- WHAT YOU ARE ASKED TO DO
Below are some records. Return exactly the lines from the one with "define z1 where" to the one with "fix w assume", and nothing else.
═══ EXTRACTED MATERIAL ═══
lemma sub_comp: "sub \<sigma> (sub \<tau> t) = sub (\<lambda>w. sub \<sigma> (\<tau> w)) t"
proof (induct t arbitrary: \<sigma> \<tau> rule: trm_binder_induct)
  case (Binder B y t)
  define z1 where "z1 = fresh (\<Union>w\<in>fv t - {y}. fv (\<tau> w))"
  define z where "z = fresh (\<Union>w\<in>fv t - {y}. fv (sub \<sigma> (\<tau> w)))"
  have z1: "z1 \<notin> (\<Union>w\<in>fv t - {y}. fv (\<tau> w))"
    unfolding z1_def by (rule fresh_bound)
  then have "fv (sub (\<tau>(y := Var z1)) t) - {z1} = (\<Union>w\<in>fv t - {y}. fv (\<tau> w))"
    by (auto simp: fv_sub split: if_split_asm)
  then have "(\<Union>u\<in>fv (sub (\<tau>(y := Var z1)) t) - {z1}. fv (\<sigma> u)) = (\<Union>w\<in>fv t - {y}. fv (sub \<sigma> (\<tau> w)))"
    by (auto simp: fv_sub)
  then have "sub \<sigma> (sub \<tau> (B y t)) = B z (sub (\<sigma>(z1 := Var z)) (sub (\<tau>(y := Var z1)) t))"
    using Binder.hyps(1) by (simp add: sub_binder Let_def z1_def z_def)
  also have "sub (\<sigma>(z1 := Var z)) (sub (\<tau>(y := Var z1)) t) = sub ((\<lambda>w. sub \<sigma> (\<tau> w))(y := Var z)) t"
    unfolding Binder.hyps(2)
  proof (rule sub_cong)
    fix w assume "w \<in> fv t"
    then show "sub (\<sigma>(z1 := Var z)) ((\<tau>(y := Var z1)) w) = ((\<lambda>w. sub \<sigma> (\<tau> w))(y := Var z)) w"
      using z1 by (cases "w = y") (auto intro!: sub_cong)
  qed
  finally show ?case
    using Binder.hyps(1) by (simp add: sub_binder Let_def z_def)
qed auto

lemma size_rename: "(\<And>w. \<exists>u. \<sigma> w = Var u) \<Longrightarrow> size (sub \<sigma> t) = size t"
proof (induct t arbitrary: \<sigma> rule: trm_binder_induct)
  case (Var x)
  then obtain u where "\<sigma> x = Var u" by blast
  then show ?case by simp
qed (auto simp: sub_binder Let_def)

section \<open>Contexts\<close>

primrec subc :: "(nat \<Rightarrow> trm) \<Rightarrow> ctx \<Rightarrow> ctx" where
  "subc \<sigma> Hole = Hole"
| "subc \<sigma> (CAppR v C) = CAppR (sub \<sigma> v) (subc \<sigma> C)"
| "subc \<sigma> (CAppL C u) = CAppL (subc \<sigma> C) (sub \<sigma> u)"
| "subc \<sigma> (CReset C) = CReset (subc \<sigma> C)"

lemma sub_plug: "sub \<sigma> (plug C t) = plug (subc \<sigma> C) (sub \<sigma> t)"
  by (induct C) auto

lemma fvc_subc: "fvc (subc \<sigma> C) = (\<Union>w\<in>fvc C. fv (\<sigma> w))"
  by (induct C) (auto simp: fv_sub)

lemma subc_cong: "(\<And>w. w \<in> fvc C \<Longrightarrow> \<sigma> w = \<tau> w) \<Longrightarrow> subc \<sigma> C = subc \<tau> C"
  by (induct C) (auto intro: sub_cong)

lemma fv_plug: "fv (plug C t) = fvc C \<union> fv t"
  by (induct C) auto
═══
═══ EXTRACTED MATERIAL ═══
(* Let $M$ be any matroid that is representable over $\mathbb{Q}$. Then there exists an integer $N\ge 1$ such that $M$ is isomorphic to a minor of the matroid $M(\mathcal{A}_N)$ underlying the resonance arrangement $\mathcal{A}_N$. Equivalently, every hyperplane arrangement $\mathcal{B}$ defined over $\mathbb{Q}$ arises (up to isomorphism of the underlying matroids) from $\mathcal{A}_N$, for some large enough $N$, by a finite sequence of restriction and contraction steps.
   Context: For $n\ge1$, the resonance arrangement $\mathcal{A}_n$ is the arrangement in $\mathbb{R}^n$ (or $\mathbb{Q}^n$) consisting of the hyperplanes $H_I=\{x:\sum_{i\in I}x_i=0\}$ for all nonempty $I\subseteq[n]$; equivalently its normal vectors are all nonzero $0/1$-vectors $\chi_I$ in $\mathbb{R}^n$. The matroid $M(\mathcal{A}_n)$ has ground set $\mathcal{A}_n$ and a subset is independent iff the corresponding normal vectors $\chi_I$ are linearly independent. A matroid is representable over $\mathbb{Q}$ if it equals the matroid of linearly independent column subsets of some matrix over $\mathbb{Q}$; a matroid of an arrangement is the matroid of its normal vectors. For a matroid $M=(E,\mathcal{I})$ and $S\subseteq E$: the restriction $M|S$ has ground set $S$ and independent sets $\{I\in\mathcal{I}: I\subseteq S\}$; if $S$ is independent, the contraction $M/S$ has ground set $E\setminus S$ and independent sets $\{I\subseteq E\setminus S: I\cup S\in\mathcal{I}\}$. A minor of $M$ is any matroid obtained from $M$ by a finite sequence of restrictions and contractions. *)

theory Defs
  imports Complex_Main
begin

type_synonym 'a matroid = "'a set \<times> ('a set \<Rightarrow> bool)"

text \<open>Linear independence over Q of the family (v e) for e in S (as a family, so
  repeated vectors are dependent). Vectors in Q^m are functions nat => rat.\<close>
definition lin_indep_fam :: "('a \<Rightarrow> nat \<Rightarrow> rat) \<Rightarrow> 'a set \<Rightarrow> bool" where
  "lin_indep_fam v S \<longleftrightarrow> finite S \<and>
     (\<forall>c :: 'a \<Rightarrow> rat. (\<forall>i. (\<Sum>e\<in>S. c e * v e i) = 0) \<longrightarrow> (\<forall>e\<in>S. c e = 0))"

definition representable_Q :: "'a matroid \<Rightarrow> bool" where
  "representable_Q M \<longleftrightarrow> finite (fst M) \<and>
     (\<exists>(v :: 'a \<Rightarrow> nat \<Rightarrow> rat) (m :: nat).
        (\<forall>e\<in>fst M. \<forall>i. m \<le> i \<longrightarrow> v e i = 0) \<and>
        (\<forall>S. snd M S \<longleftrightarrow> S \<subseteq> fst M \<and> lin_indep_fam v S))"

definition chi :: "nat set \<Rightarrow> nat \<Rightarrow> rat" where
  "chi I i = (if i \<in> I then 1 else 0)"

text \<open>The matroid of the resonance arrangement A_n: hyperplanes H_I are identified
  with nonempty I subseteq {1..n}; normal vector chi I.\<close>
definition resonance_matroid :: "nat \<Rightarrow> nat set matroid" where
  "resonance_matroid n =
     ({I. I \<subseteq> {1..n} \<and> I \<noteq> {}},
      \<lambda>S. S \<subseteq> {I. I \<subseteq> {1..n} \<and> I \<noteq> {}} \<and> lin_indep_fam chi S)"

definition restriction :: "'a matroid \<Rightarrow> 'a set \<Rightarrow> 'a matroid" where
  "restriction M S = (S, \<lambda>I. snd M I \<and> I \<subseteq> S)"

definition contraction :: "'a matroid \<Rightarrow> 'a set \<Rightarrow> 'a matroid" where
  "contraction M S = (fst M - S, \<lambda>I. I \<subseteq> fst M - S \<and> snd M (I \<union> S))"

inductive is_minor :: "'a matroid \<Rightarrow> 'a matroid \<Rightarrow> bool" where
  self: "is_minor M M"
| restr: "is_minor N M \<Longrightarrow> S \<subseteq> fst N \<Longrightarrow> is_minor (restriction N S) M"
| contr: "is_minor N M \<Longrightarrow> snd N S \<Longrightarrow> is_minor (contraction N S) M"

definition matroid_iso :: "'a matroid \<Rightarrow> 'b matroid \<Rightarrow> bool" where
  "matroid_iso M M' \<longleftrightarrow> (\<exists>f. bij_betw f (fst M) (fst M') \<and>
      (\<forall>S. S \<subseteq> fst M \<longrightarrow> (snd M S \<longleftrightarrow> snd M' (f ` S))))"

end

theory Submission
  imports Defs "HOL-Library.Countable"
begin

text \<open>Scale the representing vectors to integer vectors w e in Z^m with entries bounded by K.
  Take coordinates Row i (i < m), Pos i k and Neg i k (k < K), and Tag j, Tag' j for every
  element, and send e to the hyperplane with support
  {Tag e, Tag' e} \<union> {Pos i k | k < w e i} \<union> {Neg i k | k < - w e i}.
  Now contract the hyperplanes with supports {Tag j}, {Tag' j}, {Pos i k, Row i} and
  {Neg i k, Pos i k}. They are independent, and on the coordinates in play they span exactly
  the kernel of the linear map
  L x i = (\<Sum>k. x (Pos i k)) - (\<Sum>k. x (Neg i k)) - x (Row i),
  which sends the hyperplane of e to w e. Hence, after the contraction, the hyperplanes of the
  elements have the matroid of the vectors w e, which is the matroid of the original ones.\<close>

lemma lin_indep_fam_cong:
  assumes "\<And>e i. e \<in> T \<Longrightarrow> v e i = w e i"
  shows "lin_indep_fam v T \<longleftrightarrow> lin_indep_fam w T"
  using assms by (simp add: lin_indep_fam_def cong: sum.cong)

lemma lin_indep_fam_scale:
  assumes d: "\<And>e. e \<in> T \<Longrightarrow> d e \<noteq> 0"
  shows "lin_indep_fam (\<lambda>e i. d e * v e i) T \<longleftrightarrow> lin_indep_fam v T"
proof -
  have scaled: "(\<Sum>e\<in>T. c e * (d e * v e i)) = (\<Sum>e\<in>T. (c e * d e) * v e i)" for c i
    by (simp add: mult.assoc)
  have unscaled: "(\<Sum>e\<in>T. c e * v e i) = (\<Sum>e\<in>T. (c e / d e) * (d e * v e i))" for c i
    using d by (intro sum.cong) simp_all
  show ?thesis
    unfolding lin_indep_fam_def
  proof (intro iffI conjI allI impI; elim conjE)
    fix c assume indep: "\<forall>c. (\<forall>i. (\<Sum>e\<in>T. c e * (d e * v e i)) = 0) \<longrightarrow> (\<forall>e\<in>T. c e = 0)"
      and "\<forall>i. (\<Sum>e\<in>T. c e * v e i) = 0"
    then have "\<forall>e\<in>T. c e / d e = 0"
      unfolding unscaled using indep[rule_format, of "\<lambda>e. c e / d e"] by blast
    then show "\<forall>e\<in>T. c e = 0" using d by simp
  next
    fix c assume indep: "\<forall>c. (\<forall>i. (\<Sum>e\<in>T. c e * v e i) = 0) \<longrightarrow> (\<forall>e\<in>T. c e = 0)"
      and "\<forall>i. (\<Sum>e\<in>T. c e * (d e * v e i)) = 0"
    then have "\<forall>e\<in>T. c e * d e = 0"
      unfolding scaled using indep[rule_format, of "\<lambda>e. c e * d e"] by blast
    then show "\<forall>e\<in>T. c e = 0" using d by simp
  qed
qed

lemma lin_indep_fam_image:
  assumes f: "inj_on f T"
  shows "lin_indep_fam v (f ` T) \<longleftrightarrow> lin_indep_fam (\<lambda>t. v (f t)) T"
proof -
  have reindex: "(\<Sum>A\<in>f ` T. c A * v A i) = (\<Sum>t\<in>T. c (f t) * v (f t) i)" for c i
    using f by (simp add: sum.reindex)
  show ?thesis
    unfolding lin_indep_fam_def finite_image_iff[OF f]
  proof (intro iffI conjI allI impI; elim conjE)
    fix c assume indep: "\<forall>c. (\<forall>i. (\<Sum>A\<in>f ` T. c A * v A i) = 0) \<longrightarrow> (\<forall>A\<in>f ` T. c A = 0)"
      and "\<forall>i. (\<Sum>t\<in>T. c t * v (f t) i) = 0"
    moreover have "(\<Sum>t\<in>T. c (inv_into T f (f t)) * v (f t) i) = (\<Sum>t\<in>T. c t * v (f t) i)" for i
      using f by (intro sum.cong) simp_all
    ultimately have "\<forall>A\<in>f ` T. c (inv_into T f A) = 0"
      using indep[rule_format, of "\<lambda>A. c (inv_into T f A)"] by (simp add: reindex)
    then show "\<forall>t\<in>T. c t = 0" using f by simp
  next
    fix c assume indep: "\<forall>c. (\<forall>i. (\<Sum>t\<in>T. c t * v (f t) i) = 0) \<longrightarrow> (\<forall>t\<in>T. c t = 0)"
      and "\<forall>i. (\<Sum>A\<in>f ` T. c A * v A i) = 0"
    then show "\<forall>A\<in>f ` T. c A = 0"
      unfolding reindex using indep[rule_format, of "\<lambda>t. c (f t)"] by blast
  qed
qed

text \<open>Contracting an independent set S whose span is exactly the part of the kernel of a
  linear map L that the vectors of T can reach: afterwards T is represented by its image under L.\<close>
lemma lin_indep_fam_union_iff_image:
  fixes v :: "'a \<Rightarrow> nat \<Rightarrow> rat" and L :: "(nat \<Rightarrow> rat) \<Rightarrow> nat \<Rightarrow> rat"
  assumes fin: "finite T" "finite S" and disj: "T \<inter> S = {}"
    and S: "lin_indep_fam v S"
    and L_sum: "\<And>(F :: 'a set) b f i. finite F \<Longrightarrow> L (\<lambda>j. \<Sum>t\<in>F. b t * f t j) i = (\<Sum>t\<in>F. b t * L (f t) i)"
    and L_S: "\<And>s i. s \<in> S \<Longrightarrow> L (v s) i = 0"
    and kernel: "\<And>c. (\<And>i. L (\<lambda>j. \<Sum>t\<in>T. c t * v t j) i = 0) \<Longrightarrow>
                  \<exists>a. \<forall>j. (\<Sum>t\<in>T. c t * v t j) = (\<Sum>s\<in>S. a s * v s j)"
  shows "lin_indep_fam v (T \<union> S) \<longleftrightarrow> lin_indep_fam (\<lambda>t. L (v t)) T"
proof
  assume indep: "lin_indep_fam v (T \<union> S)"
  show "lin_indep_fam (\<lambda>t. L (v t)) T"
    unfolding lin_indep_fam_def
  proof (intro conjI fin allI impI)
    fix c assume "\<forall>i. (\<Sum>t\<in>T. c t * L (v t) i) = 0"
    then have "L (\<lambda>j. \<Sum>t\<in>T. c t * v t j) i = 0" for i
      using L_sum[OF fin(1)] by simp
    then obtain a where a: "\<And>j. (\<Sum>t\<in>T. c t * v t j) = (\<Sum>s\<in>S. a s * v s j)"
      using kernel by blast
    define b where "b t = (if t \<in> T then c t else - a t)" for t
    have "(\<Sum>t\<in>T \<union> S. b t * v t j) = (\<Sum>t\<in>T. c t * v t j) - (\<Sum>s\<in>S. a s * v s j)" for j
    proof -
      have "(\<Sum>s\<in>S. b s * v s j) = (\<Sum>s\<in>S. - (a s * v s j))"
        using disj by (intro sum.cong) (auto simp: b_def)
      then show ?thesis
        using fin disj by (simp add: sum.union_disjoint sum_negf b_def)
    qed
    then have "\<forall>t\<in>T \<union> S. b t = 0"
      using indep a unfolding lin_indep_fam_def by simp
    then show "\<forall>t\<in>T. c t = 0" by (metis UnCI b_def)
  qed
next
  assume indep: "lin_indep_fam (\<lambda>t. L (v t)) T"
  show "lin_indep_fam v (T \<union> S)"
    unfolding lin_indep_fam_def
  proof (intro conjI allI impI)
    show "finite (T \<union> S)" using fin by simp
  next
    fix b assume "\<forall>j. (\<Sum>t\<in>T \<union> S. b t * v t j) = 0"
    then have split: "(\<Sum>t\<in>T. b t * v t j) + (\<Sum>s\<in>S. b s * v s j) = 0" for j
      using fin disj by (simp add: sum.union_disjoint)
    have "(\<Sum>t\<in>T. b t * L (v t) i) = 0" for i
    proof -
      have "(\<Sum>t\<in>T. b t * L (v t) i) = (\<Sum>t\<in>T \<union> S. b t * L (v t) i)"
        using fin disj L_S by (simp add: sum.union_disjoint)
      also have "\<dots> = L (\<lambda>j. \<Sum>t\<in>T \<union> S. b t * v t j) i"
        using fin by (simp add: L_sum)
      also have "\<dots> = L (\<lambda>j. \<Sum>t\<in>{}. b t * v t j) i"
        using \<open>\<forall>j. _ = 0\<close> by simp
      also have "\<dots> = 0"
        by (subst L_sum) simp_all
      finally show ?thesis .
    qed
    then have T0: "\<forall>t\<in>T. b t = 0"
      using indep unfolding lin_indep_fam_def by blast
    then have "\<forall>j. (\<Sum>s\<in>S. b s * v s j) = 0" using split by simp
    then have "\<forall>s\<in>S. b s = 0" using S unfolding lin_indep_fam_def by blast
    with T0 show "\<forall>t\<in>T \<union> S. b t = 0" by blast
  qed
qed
═══
- RESPONSE
  define z1 where "z1 = fresh (\<Union>w\<in>fv t - {y}. fv (\<tau> w))"
  define z where "z = fresh (\<Union>w\<in>fv t - {y}. fv (sub \<sigma> (\<tau> w)))"
  have z1: "z1 \<notin> (\<Union>w\<in>fv t - {y}. fv (\<tau> w))"
    unfolding z1_def by (rule fresh_bound)
  then have "fv (sub (\<tau>(y := Var z1)) t) - {z1} = (\<Union>w\<in>fv t - {y}. fv (\<tau> w))"
    by (auto simp: fv_sub split: if_split_asm)
  then have "(\<Union>u\<in>fv (sub (\<tau>(y := Var z1)) t) - {z1}. fv (\<sigma> u)) = (\<Union>w\<in>fv t - {y}. fv (sub \<sigma> (\<tau> w)))"
    by (auto simp: fv_sub)
  then have "sub \<sigma> (sub \<tau> (B y t)) = B z (sub (\<sigma>(z1 := Var z)) (sub (\<tau>(y := Var z1)) t))"
    using Binder.hyps(1) by (simp add: sub_binder Let_def z1_def z_def)
  also have "sub (\<sigma>(z1 := Var z)) (sub (\<tau>(y := Var z1)) t) = sub ((\<lambda>w. sub \<sigma> (\<tau> w))(y := Var z)) t"
    unfolding Binder.hyps(2)
  proof (rule sub_cong)
    fix w assume "w \<in> fv t"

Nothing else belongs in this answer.